Government has already recognised that building consents and sign-offs are part of the problem. Kāinga Ora, the government’s housing provider, has its own arms-length consenting authority: Consentium. It provides consents for Kāinga Ora developments along with building inspections and code of compliance certificates.

Consentium then provides a small bit of contestability in the market for building inspection certificates. Kāinga Ora developments can ignore idiosyncratic local interpretations of the Building Act and build to a common national standard. It can also decide to try out new and innovative materials to help bring costs down while improving quality.

But only buildings that will be owned and retained by Kāinga Ora can apply for consenting through Consentium. If a private developer is building two adjacent identical houses, one for Kāinga Ora and the other for private sale, Consentium would only provide consenting services for the Kāinga Ora home. One potential reason: Kāinga Ora is not likely to sue Consentium if they discover a problem down the track.

It’s a bit of a shame.

Consentium is hardly perfect. It was reported earlier this month that it took almost two years for Consentium to decide that an above-ground stormwater storage tank didn’t impose a fire risk. But council consenting systems can be even more broken.

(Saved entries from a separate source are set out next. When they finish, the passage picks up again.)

(* Let $\mathcal{B}$ be a cat-graph and $F$ a trihomomorphism $\mathcal{B}^{\mathrm{coop}}\to\mathbf{BiCat}$ (in the sense below). Fix objects $b,c$ of $\mathcal{B}$, $x$ of $Fb$ and $y$ of $Fc$. Assume $\mathcal{B}(b,c)$ is a finite category and $k_\bullet$ is a coweighting on its similarity matrix $\zeta_{\mathcal{B}(b,c)}$, and that for each 1-morphism $f : b\to c$ the category $Fb(x,f^*y)$ is finite and $k_\bullet$ is a coweighting on its similarity matrix $\zeta_{Fb(x,f^*y)}$. Then the function $(f,u)\mapsto k_{(f,u)} := k_f\,k_u$ is a coweighting on the similarity matrix of $\mathrm{Gr}(F)((b,x),(c,y))$, i.e. for every object $(g,v)$, \[ \sum_{(f,u)} k_f k_u\,\#\mathrm{Gr}(F)((b,x),(c,y))\big((f,u),(g,v)\big) = 1. \]
   Context: For finite sets $I,J$ and $\zeta : I\times J\to\mathbb{Q}$, a coweighting is $k_\bullet : I\to\mathbb{Q}$ with $\sum_i k_i\zeta(i,j)=1$ for all $j$. The similarity matrix of a finite category $C$ is $\zeta_C(s,t)=\#C(s,t)$ on $\mathrm{ob}(C)\times\mathrm{ob}(C)$. A cat-graph $\mathcal{B}$ is a set of objects with a small category $\mathcal{B}(b,c)$ for each pair (objects = 1-morphisms, morphisms = 2-morphisms). A trihomomorphism $F : \mathcal{B}^{\mathrm{coop}}\to\mathbf{BiCat}$ consists of a bicategory $Fb$ for each object $b$, a lax functor $f^* : Fc\to Fb$ for each 1-morphism $f : b\to c$, and a lax natural transformation $\alpha^* : g^*\Rightarrow f^*$ for each 2-morphism $\alpha : f\Rightarrow g$, with component 1-morphisms $\alpha^*_y : g^*y\to f^*y$ in $Fb$. The Grothendieck construction $\mathrm{Gr}(F)$ is the cat-graph whose objects are pairs $(b,x)$ with $x\in\mathrm{ob}(Fb)$; a 1-morphism $(b,x)\to(c,y)$ is a pair $(f,u)$ with $f : b\to c$ in $\mathcal{B}$ and $u : x\to f^*y$ in $Fb$; a 2-morphism $(f,u)\Rightarrow(g,v)$ is a pair $(\alpha,\beta)$ with $\alpha : f\Rightarrow g$ in $\mathcal{B}$ and $\beta : u\Rightarrow\alpha^*_y\circ v$ a 2-morphism in $Fb$. *)

theory Defs
  imports Main "HOL.Rat"
begin

record ('o, 'a) category =
  Obj  :: "'o set"
  Arr  :: "'a set"
  Dom  :: "'a \<Rightarrow> 'o"
  Cod  :: "'a \<Rightarrow> 'o"
  Ide  :: "'o \<Rightarrow> 'a"
  Comp :: "'a \<Rightarrow> 'a \<Rightarrow> 'a"   \<comment> \<open>Comp g f = g \<circ> f\<close>

definition is_category :: "('o, 'a) category \<Rightarrow> bool" where
  "is_category C \<longleftrightarrow>
     (\<forall>a\<in>Arr C. Dom C a \<in> Obj C \<and> Cod C a \<in> Obj C) \<and>
     (\<forall>s\<in>Obj C. Ide C s \<in> Arr C \<and> Dom C (Ide C s) = s \<and> Cod C (Ide C s) = s) \<and>
     (\<forall>f\<in>Arr C. \<forall>g\<in>Arr C. Cod C f = Dom C g \<longrightarrow>
        Comp C g f \<in> Arr C \<and> Dom C (Comp C g f) = Dom C f \<and> Cod C (Comp C g f) = Cod C g) \<and>
     (\<forall>f\<in>Arr C. Comp C f (Ide C (Dom C f)) = f \<and> Comp C (Ide C (Cod C f)) f = f) \<and>
     (\<forall>f\<in>Arr C. \<forall>g\<in>Arr C. \<forall>h\<in>Arr C. Cod C f = Dom C g \<and> Cod C g = Dom C h \<longrightarrow>
        Comp C h (Comp C g f) = Comp C (Comp C h g) f)"

definition hom :: "('o, 'a) category \<Rightarrow> 'o \<Rightarrow> 'o \<Rightarrow> 'a set" where
  "hom C s t = {a \<in> Arr C. Dom C a = s \<and> Cod C a = t}"

definition finite_category :: "('o, 'a) category \<Rightarrow> bool" where
  "finite_category C \<longleftrightarrow> is_category C \<and> finite (Obj C) \<and> finite (Arr C)"

definition similarity_matrix :: "('o, 'a) category \<Rightarrow> 'o \<Rightarrow> 'o \<Rightarrow> rat" where
  "similarity_matrix C s t = of_nat (card (hom C s t))"

definition coweighting :: "'i set \<Rightarrow> 'j set \<Rightarrow> ('i \<Rightarrow> 'j \<Rightarrow> rat) \<Rightarrow> ('i \<Rightarrow> rat) \<Rightarrow> bool" where
  "coweighting I J \<zeta> k \<longleftrightarrow> (\<forall>j\<in>J. (\<Sum>i\<in>I. k i * \<zeta> i j) = 1)"

record ('b, 'f, 'a) cat_graph =
  CGOb  :: "'b set"
  CGHom :: "'b \<Rightarrow> 'b \<Rightarrow> ('f, 'a) category"

definition is_cat_graph :: "('b, 'f, 'a) cat_graph \<Rightarrow> bool" where
  "is_cat_graph B \<longleftrightarrow> (\<forall>b\<in>CGOb B. \<forall>c\<in>CGOb B. is_category (CGHom B b c))"

record ('x, 'm, 'c) bicat_data =
  BOb    :: "'x set"
  BHom   :: "'x \<Rightarrow> 'x \<Rightarrow> ('m, 'c) category"
  HComp  :: "'m \<Rightarrow> 'm \<Rightarrow> 'm"   \<comment> \<open>HComp w v = w \<circ> v for v : x -> y, w : y -> z\<close>

definition is_bicat_data :: "('x, 'm, 'c) bicat_data \<Rightarrow> bool" where
  "is_bicat_data D \<longleftrightarrow>
     (\<forall>x\<in>BOb D. \<forall>y\<in>BOb D. is_category (BHom D x y)) \<and>
     (\<forall>x\<in>BOb D. \<forall>y\<in>BOb D. \<forall>z\<in>BOb D. \<forall>v\<in>Obj (BHom D x y). \<forall>w\<in>Obj (BHom D y z).
        HComp D w v \<in> Obj (BHom D x z))"

section \<open>Data of a trihomomorphism F : B^coop -> BiCat used by the Grothendieck construction\<close>

record ('b, 'f, 'a, 'x, 'm, 'c) trihom_data =
  FB    :: "'b \<Rightarrow> ('x, 'm, 'c) bicat_data"
  Fstar :: "'b \<Rightarrow> 'b \<Rightarrow> 'f \<Rightarrow> 'x \<Rightarrow> 'x"
  Fcomp :: "'b \<Rightarrow> 'b \<Rightarrow> 'a \<Rightarrow> 'x \<Rightarrow> 'm"           \<comment> \<open>alpha : f => g, y |-> alpha^*_y : g^* y -> f^* y\<close>

definition is_trihom_data ::
  "('b, 'f, 'a) cat_graph \<Rightarrow> ('b, 'f, 'a, 'x, 'm, 'c) trihom_data \<Rightarrow> bool" where
  "is_trihom_data B F \<longleftrightarrow>
     (\<forall>b\<in>CGOb B. is_bicat_data (FB F b)) \<and>
     (\<forall>b\<in>CGOb B. \<forall>c\<in>CGOb B. \<forall>f\<in>Obj (CGHom B b c). \<forall>y\<in>BOb (FB F c).
        Fstar F b c f y \<in> BOb (FB F b)) \<and>
     (\<forall>b\<in>CGOb B. \<forall>c\<in>CGOb B. \<forall>\<alpha>\<in>Arr (CGHom B b c). \<forall>y\<in>BOb (FB F c).
        Fcomp F b c \<alpha> y \<in> Obj (BHom (FB F b) (Fstar F b c (Cod (CGHom B b c) \<alpha>) y)
                                           (Fstar F b c (Dom (CGHom B b c) \<alpha>) y)))"

definition gr_objs ::
  "('b, 'f, 'a) cat_graph \<Rightarrow> ('b, 'f, 'a, 'x, 'm, 'c) trihom_data \<Rightarrow> 'b \<Rightarrow> 'x \<Rightarrow> 'b \<Rightarrow> 'x
   \<Rightarrow> ('f \<times> 'm) set" where
  "gr_objs B F b x c y =
     {(f, u). f \<in> Obj (CGHom B b c) \<and> u \<in> Obj (BHom (FB F b) x (Fstar F b c f y))}"

definition gr_2cells ::
  "('b, 'f, 'a) cat_graph \<Rightarrow> ('b, 'f, 'a, 'x, 'm, 'c) trihom_data \<Rightarrow> 'b \<Rightarrow> 'x \<Rightarrow> 'b \<Rightarrow> 'x
   \<Rightarrow> ('f \<times> 'm) \<Rightarrow> ('f \<times> 'm) \<Rightarrow> ('a \<times> 'c) set" where
  "gr_2cells B F b x c y p q =
     (case p of (f, u) \<Rightarrow> case q of (g, v) \<Rightarrow>
       {(\<alpha>, \<beta>). \<alpha> \<in> hom (CGHom B b c) f g \<and>
          \<beta> \<in> hom (BHom (FB F b) x (Fstar F b c f y)) u (HComp (FB F b) (Fcomp F b c \<alpha> y) v)})"

definition gr_similarity ::
  "('b, 'f, 'a) cat_graph \<Rightarrow> ('b, 'f, 'a, 'x, 'm, 'c) trihom_data \<Rightarrow> 'b \<Rightarrow> 'x \<Rightarrow> 'b \<Rightarrow> 'x
   \<Rightarrow> ('f \<times> 'm) \<Rightarrow> ('f \<times> 'm) \<Rightarrow> rat" where
  "gr_similarity B F b x c y p q = of_nat (card (gr_2cells B F b x c y p q))"

end

theory Submission
  imports Defs
begin

text \<open>
  The objects of Gr(F)((b,x),(c,y)) form the dependent sum of the sets
  Obj Fb(x, f^*y) over f \<in> Obj B(b,c), and a 2-cell (f,u) \<Rightarrow> (g,v) is a
  2-cell \<alpha> : f \<Rightarrow> g together with a 2-cell u \<Rightarrow> \<alpha>^*_y \<circ> v.  Hence
  #Gr((f,u),(g,v)) = \<Sum>_{\<alpha> : f \<Rightarrow> g} #Fb(x,f^*y)(u, \<alpha>^*_y \<circ> v).
  Summing against k_u first, the coweighting on each fibre Fb(x,f^*y)
  turns every summand into 1, leaving #B(b,c)(f,g); summing that against
  k_f gives 1 by the coweighting on B(b,c).
\<close>

text \<open>Summing a coweighting against the hom-counts into a family of
  objects t_a counts the family: each target contributes exactly 1.\<close>
lemma coweighting_sum_over_targets:
  assumes cow: "coweighting (Obj C) (Obj C) (similarity_matrix C) k"
    and targets: "\<And>a. a \<in> A \<Longrightarrow> t a \<in> Obj C"
  shows "(\<Sum>s\<in>Obj C. k s * (\<Sum>a\<in>A. of_nat (card (hom C s (t a))))) = of_nat (card A)"
proof -
  have "(\<Sum>s\<in>Obj C. k s * (\<Sum>a\<in>A. of_nat (card (hom C s (t a)))))
      = (\<Sum>a\<in>A. \<Sum>s\<in>Obj C. k s * similarity_matrix C s (t a))"
    by (simp add: sum_distrib_left similarity_matrix_def sum.swap[of _ "Obj C"])
  also have "\<dots> = (\<Sum>a\<in>A. 1)"
    using cow targets by (simp add: coweighting_def)
  finally show ?thesis by simp
qed

lemma sum_Sigma_product_weights:
  fixes kI :: "'i \<Rightarrow> 'r::comm_semiring_0" and kJ :: "'i \<Rightarrow> 'j \<Rightarrow> 'r"
  assumes "finite I" "\<And>i. i \<in> I \<Longrightarrow> finite (J i)"
  shows "(\<Sum>p\<in>Sigma I J. (\<lambda>(i, j). kI i * kJ i j) p * z p)
       = (\<Sum>i\<in>I. kI i * (\<Sum>j\<in>J i. kJ i j * z (i, j)))"
proof -
  have "(\<Sum>p\<in>Sigma I J. (\<lambda>(i, j). kI i * kJ i j) p * z p)
      = (\<Sum>i\<in>I. \<Sum>j\<in>J i. kI i * (kJ i j * z (i, j)))"
    using assms by (simp add: sum.Sigma split_def mult.assoc)
  then show ?thesis by (simp add: sum_distrib_left)
qed

lemma finite_category_hom_finite:
  "finite_category C \<Longrightarrow> finite (hom C s t)"
  by (simp add: finite_category_def hom_def)

lemma gr_objs_Sigma:
  "gr_objs B F b x c y = Sigma (Obj (CGHom B b c)) (\<lambda>f. Obj (BHom (FB F b) x (Fstar F b c f y)))"
  by (auto simp: gr_objs_def)

lemma gr_reindex_obj:
  assumes B: "is_cat_graph B" and F: "is_trihom_data B F"
    and bc: "b \<in> CGOb B" "c \<in> CGOb B"
    and xy: "x \<in> BOb (FB F b)" "y \<in> BOb (FB F c)"
    and \<alpha>: "\<alpha> \<in> hom (CGHom B b c) f g"
    and v: "v \<in> Obj (BHom (FB F b) x (Fstar F b c g y))"
  shows "HComp (FB F b) (Fcomp F b c \<alpha> y) v \<in> Obj (BHom (FB F b) x (Fstar F b c f y))"
proof -
  have \<alpha>_arr: "\<alpha> \<in> Arr (CGHom B b c)" and \<alpha>_dom: "Dom (CGHom B b c) \<alpha> = f"
    and \<alpha>_cod: "Cod (CGHom B b c) \<alpha> = g"
    using \<alpha> by (auto simp: hom_def)
  have "is_category (CGHom B b c)"
    using B bc by (simp add: is_cat_graph_def)
  then have fg: "f \<in> Obj (CGHom B b c)" "g \<in> Obj (CGHom B b c)"
    using \<alpha>_arr \<alpha>_dom \<alpha>_cod by (auto simp: is_category_def)
  have pullbacks: "Fstar F b c f y \<in> BOb (FB F b)" "Fstar F b c g y \<in> BOb (FB F b)"
    using F bc xy fg by (auto simp: is_trihom_data_def)
  have comp: "Fcomp F b c \<alpha> y \<in> Obj (BHom (FB F b) (Fstar F b c g y) (Fstar F b c f y))"
    using F bc xy \<alpha>_arr \<alpha>_dom \<alpha>_cod unfolding is_trihom_data_def by metis
  have "is_bicat_data (FB F b)"
    using F bc by (simp add: is_trihom_data_def)
  then show ?thesis
    using xy(1) pullbacks comp v unfolding is_bicat_data_def by blast
qed

lemma gr_similarity_sum:
  assumes "finite_category (CGHom B b c)"
    and "finite_category (BHom (FB F b) x (Fstar F b c f y))"
  shows "gr_similarity B F b x c y (f, u) (g, v)
       = (\<Sum>\<alpha>\<in>hom (CGHom B b c) f g.
            of_nat (card (hom (BHom (FB F b) x (Fstar F b c f y)) u
                              (HComp (FB F b) (Fcomp F b c \<alpha> y) v))))"
proof -
  have "gr_2cells B F b x c y (f, u) (g, v)
      = Sigma (hom (CGHom B b c) f g)
          (\<lambda>\<alpha>. hom (BHom (FB F b) x (Fstar F b c f y)) u (HComp (FB F b) (Fcomp F b c \<alpha> y) v))"
    by (auto simp: gr_2cells_def)
  then show ?thesis
    using assms by (simp add: gr_similarity_def card_SigmaI finite_category_hom_finite)
qed

theorem lemma3p30:
  fixes B :: "('b, 'f, 'a) cat_graph"
    and F :: "('b, 'f, 'a, 'x, 'm, 'c) trihom_data"
    and b c :: 'b and x y :: 'x
    and kB :: "'f \<Rightarrow> rat" and kF :: "'f \<Rightarrow> 'm \<Rightarrow> rat"
  assumes "is_cat_graph B" and "is_trihom_data B F"
    and "b \<in> CGOb B" and "c \<in> CGOb B"
    and "x \<in> BOb (FB F b)" and "y \<in> BOb (FB F c)"
    and "finite_category (CGHom B b c)"
    and "coweighting (Obj (CGHom B b c)) (Obj (CGHom B b c))
           (similarity_matrix (CGHom B b c)) kB"
    and "\<And>f. f \<in> Obj (CGHom B b c) \<Longrightarrow>
           finite_category (BHom (FB F b) x (Fstar F b c f y))"
    and "\<And>f. f \<in> Obj (CGHom B b c) \<Longrightarrow>
           coweighting (Obj (BHom (FB F b) x (Fstar F b c f y)))
                       (Obj (BHom (FB F b) x (Fstar F b c f y)))
                       (similarity_matrix (BHom (FB F b) x (Fstar F b c f y))) (kF f)"
  shows "coweighting (gr_objs B F b x c y) (gr_objs B F b x c y)
           (gr_similarity B F b x c y) (\<lambda>(f, u). kB f * kF f u)"
  unfolding coweighting_def gr_objs_Sigma
proof (intro ballI, elim SigmaE)
  fix q g v
  assume q: "q = (g, v)" and g: "g \<in> Obj (CGHom B b c)"
    and v: "v \<in> Obj (BHom (FB F b) x (Fstar F b c g y))"
  let ?H = "\<lambda>f. BHom (FB F b) x (Fstar F b c f y)"
  have fin: "finite (Obj (CGHom B b c))" "\<And>f. f \<in> Obj (CGHom B b c) \<Longrightarrow> finite (Obj (?H f))"
    using assms(7,9) by (auto simp: finite_category_def)
  have fibre: "(\<Sum>u\<in>Obj (?H f). kF f u * gr_similarity B F b x c y (f, u) (g, v))
             = similarity_matrix (CGHom B b c) f g" if f: "f \<in> Obj (CGHom B b c)" for f
    using coweighting_sum_over_targets[OF assms(10)[OF f]
            gr_reindex_obj[OF assms(1-6) _ v]]
    by (simp add: gr_similarity_sum[OF assms(7) assms(9)[OF f]] similarity_matrix_def)
  have "(\<Sum>p\<in>Sigma (Obj (CGHom B b c)) (\<lambda>f. Obj (?H f)).
          (\<lambda>(f, u). kB f * kF f u) p * gr_similarity B F b x c y p q)
      = (\<Sum>f\<in>Obj (CGHom B b c). kB f * similarity_matrix (CGHom B b c) f g)"
    using fin fibre by (simp add: q sum_Sigma_product_weights)
  also have "\<dots> = 1"
    using assms(8) g by (simp add: coweighting_def)
  finally show "(\<Sum>p\<in>Sigma (Obj (CGHom B b c)) (\<lambda>f. Obj (?H f)).
          (\<lambda>(f, u). kB f * kF f u) p * gr_similarity B F b x c y p q) = 1" .
qed

end
text \<open>Pointwise limit as the width s = 1/(n+1) tends to 0, by dominated convergence after
  rescaling; this needs y to be off the end points, where the indicator is continuous.\<close>
lemma interval_mass_limit:
  fixes y a b :: real
  assumes "y \<noteq> a" "y \<noteq> b"
  shows "(\<lambda>n. interval_mass (1 / real (Suc n)) a b y) \<longlonglongrightarrow> indicator {a..b} y * sqrt (2*pi)"
proof -
  define e where "e = (\<lambda>t::real. exp (-(t^2)/2))"
  have [measurable]: "e \<in> borel_measurable borel" unfolding e_def by measurable
  have not_frontier: "y \<notin> frontier {a..b}"
    using assms by (auto simp: frontier_def interior_atLeastAtMost_real)
  have width: "(\<lambda>n. 1 / real (Suc n)) \<longlonglongrightarrow> 0"
    using LIMSEQ_inverse_real_of_nat by (simp add: inverse_eq_divide)
  have shrink: "(\<lambda>n. y - (1 / real (Suc n)) * t) \<longlonglongrightarrow> y" for t
    using tendsto_diff[OF tendsto_const[of y] tendsto_mult_left_zero[OF width, of t]] by simp
  have lim: "(\<lambda>n. LINT t|lborel. indicator {a..b} (y - (1 / real (Suc n))*t) * e t)
      \<longlonglongrightarrow> (LINT t|lborel. indicator {a..b} y * e t)"
  proof (rule integral_dominated_convergence[where w="e"])
    show "integrable lborel e" using gaussian_integral(1) unfolding e_def .
    show "AE t in lborel. (\<lambda>n. indicator {a..b} (y - (1 / real (Suc n))*t) * e t)
        \<longlonglongrightarrow> indicator {a..b} y * e t"
      using not_frontier
      by (intro AE_I2 tendsto_mult[OF _ tendsto_const] isCont_tendsto_compose[OF _ shrink])
        (simp add: isCont_indicator)
    show "AE t in lborel. norm (indicator {a..b} (y - (1 / real (Suc n))*t) * e t) \<le> e t" for n
      by (intro AE_I2) (simp add: e_def indicator_def)
  qed measurable
  have limit_value: "(LINT t|lborel. indicator {a..b} y * e t) = indicator {a..b} y * sqrt (2*pi)"
    using gaussian_integral(2) unfolding e_def by simp
  have rescaled: "(\<lambda>n. interval_mass (1 / real (Suc n)) a b y)
      = (\<lambda>n. LINT t|lborel. indicator {a..b} (y - (1 / real (Suc n))*t) * e t)"
    unfolding e_def by (intro ext interval_mass_rescale) simp
  show ?thesis
    using lim unfolding limit_value rescaled .
qed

If building consenting authorities had to compete for business, outcomes could be different. If private developers had the option to seek consent from Consentium, both Consentium and councils could have reason to improve performance – so long as the liability issue were sorted out.

I recently returned from Vancouver where the Squamish Nation has autonomy over its Sen̓áḵw apartment tower development near Vancouver’s downtown. A New Zealand equivalent could allow iwi to establish themselves as building consenting authority on iwi-held land. In places where councils were underperforming, iwi might take up consenting for their own construction projects. That too would provide greater competitive discipline on building consenting.